The database is a catalog of mold designs. A mold shop—or OEM—inputs its institutional knowledge about which components and designs work best in molds for different products and accesses them, along with items from standard catalogs of components, when designing for similar applications. The dimensions and positions of components and the size of a mold base can, for example, be automatically changed to meet new specifications. The basic design of a new mold, however, builds off what’s been proven to work as shown in the catalog.

Catia has had the feature for several years, but recently released what Ray calls a more robust version that’s largely based on customer feedback. He claims that with it a moldmaker can take a complex part and develop virtual tooling for it in a day or two. The mold shop can calculate an accurate price and submit a bid to an OEM soon after.

“People who do complex designs are interested in this,” Ray says. “In the past tools were difficult to customize. But with the design catalog and automatic upgrade capability, a moldmaker can pick-and-click the modifications he wants. It’s simple to do.”

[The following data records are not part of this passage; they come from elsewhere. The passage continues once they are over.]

lemma subseq_stack_run: "subseq st (stack_run T inp st)"
proof (induct inp arbitrary: st)
  case (Cons c inp)
  have "subseq (drop (length (pops T c st)) st) (stack_run T inp (push_entry T c st))"
    using Cons[of "push_entry T c st"] unfolding push_entry_def by (rule subseq_Cons')
  then have "subseq (pops T c st @ drop (length (pops T c st)) st) (stack_run T (c # inp) st)"
    by (simp add: stack_run_Cons_input subseq_append')
  then show ?case by (simp only: pops_append_drop)
qed simp

fun run_output :: "nat list set \<Rightarrow> nat list \<Rightarrow> nat list \<Rightarrow> nat list" where
  "run_output T [] st = []"
| "run_output T (c # L) st = pops T c st @ run_output T L (push_entry T c st)"

abbreviation run_stack :: "nat list set \<Rightarrow> nat list \<Rightarrow> nat list \<Rightarrow> nat list" where
  "run_stack T L st \<equiv> fold (push_entry T) L st"

lemma stack_run_append_input:
  "stack_run T (L @ R) st = run_output T L st @ stack_run T R (run_stack T L st)"
  by (induct L arbitrary: st) (simp_all add: stack_run_Cons_input)

lemma mset_run_output_run_stack:
  "mset (run_output T L st) + mset (run_stack T L st) = mset L + mset st"
proof (induct L arbitrary: st)
  case (Cons c L)
  have step: "mset (pops T c st) + mset (push_entry T c st) = add_mset c (mset st)"
    using arg_cong[OF pops_append_drop[of T c st], of mset] by (simp add: push_entry_def)
  have "mset (run_output T (c # L) st) + mset (run_stack T (c # L) st) =
      mset (pops T c st) + (mset (run_output T L (push_entry T c st)) +
        mset (run_stack T L (push_entry T c st)))"
    by (simp add: add.assoc)
  also have "\<dots> = mset L + (mset (pops T c st) + mset (push_entry T c st))"
    unfolding Cons by (rule add.left_commute)
  also have "\<dots> = mset (c # L) + mset st"
    by (simp only: step) simp
  finally show ?case .
qed simp

lemma set_run_output_run_stack:
  "set (run_output T L st) \<union> set (run_stack T L st) = set L \<union> set st"
proof -
  have "set_mset (mset (run_output T L st) + mset (run_stack T L st)) = set_mset (mset L + mset st)"
    by (simp only: mset_run_output_run_stack)
  then show ?thesis by simp
qed

lemma distinct_run_stack: "distinct (L @ st) \<Longrightarrow> distinct (run_stack T L st)"
proof -
  assume "distinct (L @ st)"
  moreover have "mset (run_output T L st @ run_stack T L st) = mset (L @ st)"
    using mset_run_output_run_stack by simp
  ultimately have "distinct (run_output T L st @ run_stack T L st)"
    using mset_eq_imp_distinct_iff by blast
  then show ?thesis by simp
qed

lemma run_stack_keeps_suffix:
  assumes "B \<noteq> []" "\<forall>c\<in>set L. avoids_all T (c # B)"
  shows "\<exists>W'. run_stack T L (W @ B) = W' @ B"
proof (rule fold_invariant[where Q = "\<lambda>c. avoids_all T (c # B)"])
  fix c st
  assume "avoids_all T (c # B)" "\<exists>W'. st = W' @ B"
  then show "\<exists>W'. push_entry T c st = W' @ B"
    using push_entry_keeps_suffix[OF assms(1)] by (metis append_Cons)
qed (use assms in auto)

section \<open>West's map does not sort 231\<close>

definition has_231 :: "nat list \<Rightarrow> bool" where
  "has_231 xs \<longleftrightarrow> (\<exists>p q r. subseq [p,q,r] xs \<and> r < p \<and> p < q)"

lemma not_avoids_21: "p < q \<Longrightarrow> p \<in> set st \<Longrightarrow> \<not> avoids_all {[2,1]} (q # st)"
proof -
  assume "p < q" "p \<in> set st"
  then have "subseq [q,p] (q # st)" "order_iso [q,p] [2,1]"
    by (auto simp: subseq_singleton_left order_iso_def All_less_Suc2)
  then show ?thesis unfolding avoids_all_def contains_def by blast
qed

text \<open>p has to leave the stack when q arrives, before r is read.\<close>

lemma stack_run_21_keeps_inversion:
  "p \<in> set st \<Longrightarrow> subseq [q,r] inp \<Longrightarrow> r < p \<Longrightarrow> p < q \<Longrightarrow>
   subseq [p,r] (stack_run {[2,1]} inp st)"
proof (induct inp arbitrary: st)
  case (Cons c inp)
  let ?k = "length (pops {[2,1]} c st)"
  show ?case
  proof (cases "p \<in> set (pops {[2,1]} c st)")
    case True
    have "subseq [r] inp"
      using Cons.prems(2) by (cases "q = c") (auto dest: subseq_Cons')
    then have "r \<in> set inp" by (simp add: subseq_singleton_left)
    then have "r \<in> set (stack_run {[2,1]} inp (push_entry {[2,1]} c st))"
      by (simp add: set_stack_run)
    with True show ?thesis
      by (simp add: stack_run_Cons_input list_emb_append_mono[of _ "[p]" _ "[r]", simplified]
          subseq_singleton_left)
  next
    case False
    then have p_kept: "p \<in> set (drop ?k st)"
      using Cons.prems(1) by (metis Un_iff pops_append_drop set_append)
    moreover have "avoids_all {[2,1]} (c # drop ?k st)"
      using push_entry_avoids[of "{[2,1]}" c st] p_kept unfolding push_entry_def by force
    ultimately have "c \<noteq> q"
      using not_avoids_21[OF \<open>p < q\<close>] by blast
    then have "subseq [q,r] inp" using Cons.prems(2) by (auto dest: subseq_Cons2_neq)
    moreover have "p \<in> set (push_entry {[2,1]} c st)" using p_kept by (simp add: push_entry_def)
    ultimately show ?thesis
      using Cons by (simp add: stack_run_Cons_input subseq_drop_many)
  qed
qed simp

One other point Ray makes is that the Mold Tooling Design Workbench lets companies record the design and fabrication knowledge of veteran toolmakers. If they retire from a company or change jobs, their expertise remains.

 

Summary

The capabilities of design, manufacturing and simulation software are rapidly being upgraded. Moldmakers must pay as much attention to these advances as to machining and automation enhancements, if they want to maintain leading-edge capabilities in a time-critical and cost-sensitive market like electronics.

Heat/Cool Molds Yield Glossy Parts

Style influences demand for consumer electronics as much as performance. OEMs thus seek features that upgrade aesthetics. A mold technique that enhances finish could soon be a viable option for parts in North America.

The process, thermal cycling of molds, creates a high-gloss finish on parts, reduces molded-in stress and eliminates weld lines and parting lines.

The technique isn’t new—thermal cycling has been around since the 1980s. But work is ongoing to improve its commercial potential.

Sabic Innovative Plastics (Pittsfield, MA) is fine-tuning the process, which is used by 30 to 40 molders in Asia-Pacific, some making electronics parts, says Project Engineer Andy May. One application is television bezels, where thermal cycling eliminates painting and other finishing operations.

A mold surface is heated 10 to 30°C above a resin’s glass-transition (Tg) temperature. The maximum is about 200°C, so the process isn’t for high-temperature polymers. Heating is by steam or superheated water, which circulates through a mold from an external boiler or press-side unit.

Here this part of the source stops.